(* Let $i\in\mathbb N$, let $\mathcal T$ be a tree with root $\emptyset$, let $v\succ\emptyset$ in $\mathcal T$ and let $(u_l)_{l=0}^r$ be the branch from $\emptyset$ to $v$. (1) Let $\gamma\in\Gamma$ with tree analysis $(I_t,\varepsilon_t,\eta_t)_{t\in\mathcal T}$, and let $y\in\mathscr B_{mT}$ be a normalised finitely supported vector such that (a) $v$ is the covering index for $y$, (b) $|d^*_\xi(y)|<4^{-i-3}$ for all $\xi\in\Gamma$, and (c) $|e^*_\gamma(y)|>4^{-i-1}$. Then $r\le i+1$. (2) Let $f\in W$ with tree analysis $(f_t)_{t\in\mathcal T}$, let $z=e_l\in T$ for some $l\in\mathbb N$, and assume (a) $f_v=e^*_l$ and (b) $f(z)>4^{-i-1}$. Then $r\le i$.
   Context: Fix sequences $(m_j)$, $(n_j)$ of natural numbers with $m_1=n_1=4$, $m_{j+1}\ge m_j^2$, $n_{j+1}\ge m_{j+1}^2(4n_j)^{\log_2 m_{j+1}}$. Mixed Tsirelson space $T$: $W\subset c_{00}$ is the smallest set containing $\pm e^*_k$ ($k\in\mathbb N$) such that if $j\in\mathbb N$, $d\le n_j$ and $f_1<\dots<f_d\in W$ then $m_j^{-1}\sum f_i\in W$; $T$ is the completion of $c_{00}$ under $\sup_{f\in W}f(x)$, with unit vector basis $(e_n)$. A tree analysis of $f\in W$ is a family $(f_t)_{t\in\mathcal T}$ indexed by a finite tree with root $\emptyset$ such that $f_\emptyset=f$, $f_t=\pm e^*_k$ for terminal $t$, and for non-terminal $t$, $f_t=m_j^{-1}\sum_{s\in S_t}f_s$ for some $j$ with $(f_s)_{s\in S_t}$ a block sequence in $W$ of length at most $n_j$ ($S_t$ = immediate successors of $t$). The space $\mathscr B_{mT}$: $\Delta_1=\{1\}$; given $\Delta_1,\dots,\Delta_q$, with $\Gamma_0=\emptyset$, $\Gamma_p=\bigcup_{r\le p}\Delta_r$, $\Delta_{q+1}$ consists of the tuples $(q+1,0,m_j,\varepsilon e^*_\eta)$ with $j\le q+1$, $\varepsilon=\pm1$, $\eta\in\Gamma_q$, and the tuples $(q+1,\xi,m_j,\varepsilon e^*_\eta)$ with $1\le p<q$, $j\le p$, $\xi\in\Delta_p$, $w(\xi)=m_j^{-1}$, $\mathrm{age}(\xi)<n_j$, $\varepsilon=\pm1$, $\eta\in\Gamma_q\setminus\Gamma_p$; weight $w=m_j^{-1}$, rank $q+1$, age $1$ resp. $\mathrm{age}(\xi)+1$. $\Gamma=\bigcup\Delta_q$. In $\ell_1(\Gamma)$, $d^*_\gamma=e^*_\gamma-c^*_\gamma$ with $c^*_\gamma=m_j^{-1}\varepsilon P^*_{(0,q]}e^*_\eta$ for $\gamma=(q+1,0,m_j,\varepsilon e^*_\eta)$ and $c^*_\gamma=e^*_\xi+m_j^{-1}\varepsilon P^*_{(p,q]}e^*_\eta$ for $\gamma=(q+1,\xi,m_j,\varepsilon e^*_\eta)$, $\xi\in\Delta_p$ ($P^*_{(p,q]}$ the basis projection onto $\mathrm{span}\{d^*_\delta:\mathrm{rank}\,\delta\in(p,q]\}$). $(d^*_\gamma)$ is a basis of $\ell_1(\Gamma)$, $(d_\gamma)\subset\ell_\infty(\Gamma)$ is biorthogonal, $\mathscr B_{mT}=\overline{\mathrm{span}}\{d_\gamma\}$, and $e^*_\gamma(x)=x(\gamma)$. For an interval $I$, $P_I$ is the projection of $\mathscr B_{mT}$ onto $\overline{\mathrm{span}}\{d_\delta:\mathrm{rank}\,\delta\in I\}$ along the other $d_\delta$, and $e^*_\eta P_I=P^*_Ie^*_\eta$. $\mathrm{rng}$ of a finitely supported vector (resp. of a functional in $\mathrm{span}\{d^*_\delta\}$) is the smallest interval $[p,q]$ of ranks such that it lies in the span of the $d_\delta$ (resp. $d^*_\delta$) with rank in $[p,q]$. Evaluation analysis: for $\gamma\in\Gamma$ with $w(\gamma)=m_j^{-1}$ there are unique $a\le n_j$ and $(\xi_k,\varepsilon_k,\eta_k)_{k=1}^a$ with $\xi_a=\gamma$, $\xi_1=(q_1+1,0,m_j,\varepsilon_1e^*_{\eta_1})$, $\xi_k=(q_k+1,\xi_{k-1},m_j,\varepsilon_ke^*_{\eta_k})$ for $k>1$; set $I_1=[1,q_1]$, $I_k=[q_{k-1}+2,q_k]$. Then $e^*_\gamma=\sum_k d^*_{\xi_k}+m_j^{-1}\sum_k\varepsilon_kP^*_{I_k}e^*_{\eta_k}$. For an interval $I$, $e^*_\gamma$ is $I$-decomposable if $A_I=\{k:P^*_{I_k\cap I}e^*_{\eta_k}\neq0\}\neq\emptyset$, and then its $I$-analysis is $(I_k\cap I,\varepsilon_k,\eta_k)_{k\in A_I}$. Tree analysis of $e^*_\gamma$: the family $(I_t,\varepsilon_t,\eta_t)_{t\in\mathcal T}$ over a finite tree of finite sequences with root $\emptyset$, defined by $\eta_\emptyset=\gamma$, $I_\emptyset=(0,\mathrm{rank}\,\gamma)$, $\varepsilon_\emptyset=1$, $S_\emptyset=\{(1),\dots,(a)\}$ with $(I_{(k)},\varepsilon_{(k)},\eta_{(k)})=(I_k,\varepsilon_k,\eta_k)$ from the evaluation analysis; inductively, if $e^*_{\eta_t}$ is $I_t$-decomposable with $I_t$-analysis $(I'_k,\varepsilon'_k,\eta'_k)_{k\in A}$, then $S_t=\{t^\frown k:k\in A\}$ with $(I_{t^\frown k},\varepsilon_{t^\frown k},\eta_{t^\frown k})=(I'_k,\varepsilon'_k,\eta'_k)$; otherwise $t$ is terminal. For a finitely supported $y$, the covering index for $y$ is the maximal $t\in\mathcal T$ with $\mathrm{rng}\,y\cap\mathrm{rng}\,e^*_\gamma\subseteq\mathrm{rng}(e^*_{\eta_t}P_{I_t})$. A branch of length $r$ from $u$ to $v$ in a tree is a sequence $(u_l)_{l=0}^r$ with $u_0=u$, $u_{l+1}$ an immediate successor of $u_l$, $u_r=v$. *)

theory Defs
  imports Complex_Main "HOL-Library.Sublist"
begin

definition seq_ok :: "(nat \<Rightarrow> nat) \<Rightarrow> (nat \<Rightarrow> nat) \<Rightarrow> bool" where
  "seq_ok m n \<longleftrightarrow> m 1 = 4 \<and> n 1 = 4 \<and>
     (\<forall>j\<ge>1. m (j+1) \<ge> (m j)^2) \<and>
     (\<forall>j\<ge>1. real (n (j+1)) \<ge> real (m (j+1))^2 * (4 * real (n j)) powr (log 2 (real (m (j+1)))))"

definition supp :: "(nat \<Rightarrow> real) \<Rightarrow> nat set" where
  "supp f = {x. f x \<noteq> 0}"

definition estar :: "nat \<Rightarrow> nat \<Rightarrow> real" where
  "estar k = (\<lambda>x. if x = k then 1 else 0)"

definition block_less :: "(nat \<Rightarrow> real) \<Rightarrow> (nat \<Rightarrow> real) \<Rightarrow> bool" where
  "block_less f g \<longleftrightarrow> (\<forall>x\<in>supp f. \<forall>y\<in>supp g. x < y)"

inductive_set W :: "(nat \<Rightarrow> nat) \<Rightarrow> (nat \<Rightarrow> nat) \<Rightarrow> (nat \<Rightarrow> real) set"
  for m n where
  W_unit: "\<epsilon> \<in> {1, -1} \<Longrightarrow> (\<lambda>x. \<epsilon> * estar k x) \<in> W m n"
| W_comb: "\<lbrakk> j \<ge> 1; fs \<noteq> []; length fs \<le> n j; \<forall>g\<in>set fs. g \<in> W m n;
            \<forall>i. Suc i < length fs \<longrightarrow> block_less (fs ! i) (fs ! Suc i) \<rbrakk>
           \<Longrightarrow> (\<lambda>x. (1 / real (m j)) * (\<Sum>g\<leftarrow>fs. g x)) \<in> W m n"

text \<open>Finite trees with root [] are modelled as finite prefix-closed sets of nat lists.\<close>

definition is_tree :: "nat list set \<Rightarrow> bool" where
  "is_tree T \<longleftrightarrow> finite T \<and> [] \<in> T \<and> (\<forall>t k. t @ [k] \<in> T \<longrightarrow> t \<in> T)"

definition succs :: "nat list set \<Rightarrow> nat list \<Rightarrow> nat list set" where
  "succs T t = {s \<in> T. \<exists>k. s = t @ [k]}"

definition W_tree_analysis ::
  "(nat \<Rightarrow> nat) \<Rightarrow> (nat \<Rightarrow> nat) \<Rightarrow> nat list set \<Rightarrow> (nat list \<Rightarrow> nat \<Rightarrow> real) \<Rightarrow> (nat \<Rightarrow> real) \<Rightarrow> bool"
  where
  "W_tree_analysis m n T ft f \<longleftrightarrow> is_tree T \<and> ft [] = f \<and>
     (\<forall>t\<in>T. succs T t = {} \<longrightarrow> (\<exists>k \<epsilon>. \<epsilon> \<in> {1, -1} \<and> ft t = (\<lambda>x. \<epsilon> * estar k x))) \<and>
     (\<forall>t\<in>T. succs T t \<noteq> {} \<longrightarrow>
        (\<exists>j\<ge>1. card (succs T t) \<le> n j \<and> (\<forall>s\<in>succs T t. ft s \<in> W m n) \<and>
           (\<forall>s\<in>succs T t. \<forall>s'\<in>succs T t. s \<noteq> s' \<longrightarrow>
               block_less (ft s) (ft s') \<or> block_less (ft s') (ft s)) \<and>
           ft t = (\<lambda>x. (1 / real (m j)) * (\<Sum>s\<in>succs T t. ft s x))))"

text \<open>An element (q+1, 0, m_j, eps e*_eta) is G (q+1) None (m_j) eps eta, an element
  (q+1, xi, m_j, eps e*_eta) is G (q+1) (Some xi) (m_j) eps eta; the unique element of
  Delta_1 is One.\<close>

datatype gam = One | G nat "gam option" nat real gam

fun rank :: "gam \<Rightarrow> nat" where
  "rank One = 1"
| "rank (G r _ _ _ _) = r"

text \<open>weight w(gamma) = 1 / wden gamma (only meaningful for gamma \<noteq> One)\<close>
fun wden :: "gam \<Rightarrow> nat" where
  "wden One = 0"
| "wden (G _ _ M _ _) = M"

fun age :: "gam \<Rightarrow> nat" where
  "age One = 0"
| "age (G _ None _ _ _) = 1"
| "age (G _ (Some \<xi>) _ _ _) = age \<xi> + 1"

inductive_set Gamma :: "(nat \<Rightarrow> nat) \<Rightarrow> (nat \<Rightarrow> nat) \<Rightarrow> gam set" for m n where
  Gamma_One: "One \<in> Gamma m n"
| Gamma_0: "\<lbrakk> 1 \<le> j; j \<le> q + 1; \<epsilon> \<in> {1, -1}; \<eta> \<in> Gamma m n; rank \<eta> \<le> q \<rbrakk>
            \<Longrightarrow> G (q + 1) None (m j) \<epsilon> \<eta> \<in> Gamma m n"
| Gamma_xi: "\<lbrakk> 1 \<le> p; p < q; 1 \<le> j; j \<le> p; \<xi> \<in> Gamma m n; rank \<xi> = p; \<xi> \<noteq> One;
              wden \<xi> = m j; age \<xi> < n j; \<epsilon> \<in> {1, -1};
              \<eta> \<in> Gamma m n; p < rank \<eta>; rank \<eta> \<le> q \<rbrakk>
            \<Longrightarrow> G (q + 1) (Some \<xi>) (m j) \<epsilon> \<eta> \<in> Gamma m n"

text \<open>dc gamma delta = e*_gamma(d_delta) = d_delta(gamma): the coefficient of d*_delta in the
  expansion of e*_gamma in the basis (d*_delta), obtained by unfolding
  e*_gamma = d*_gamma + c*_gamma.\<close>

fun dc :: "gam \<Rightarrow> gam \<Rightarrow> real" where
  "dc One = (\<lambda>\<delta>. if \<delta> = One then 1 else 0)"
| "dc (G r None M \<epsilon> \<eta>) = (\<lambda>\<delta>. (if \<delta> = G r None M \<epsilon> \<eta> then 1 else 0)
      + (if 0 < rank \<delta> \<and> rank \<delta> \<le> r - 1 then \<epsilon> / real M * dc \<eta> \<delta> else 0))"
| "dc (G r (Some \<xi>) M \<epsilon> \<eta>) = (\<lambda>\<delta>. (if \<delta> = G r (Some \<xi>) M \<epsilon> \<eta> then 1 else 0) + dc \<xi> \<delta>
      + (if rank \<xi> < rank \<delta> \<and> rank \<delta> \<le> r - 1 then \<epsilon> / real M * dc \<eta> \<delta> else 0))"

text \<open>A finitely supported y in B_mT is y = sum a_delta d_delta (finite sum); a is its
  coefficient function, so d*_xi(y) = a xi, and y(eta) = e*_eta(y).\<close>

definition yvec :: "(gam \<Rightarrow> real) \<Rightarrow> gam \<Rightarrow> real" where
  "yvec a \<eta> = (\<Sum>\<delta>\<in>{\<delta>. a \<delta> \<noteq> 0}. a \<delta> * dc \<eta> \<delta>)"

****

▶ [Assignment]:
Go through the records above line by line and say how many lines include "definition", giving only that number.

▶ [Response area]:
8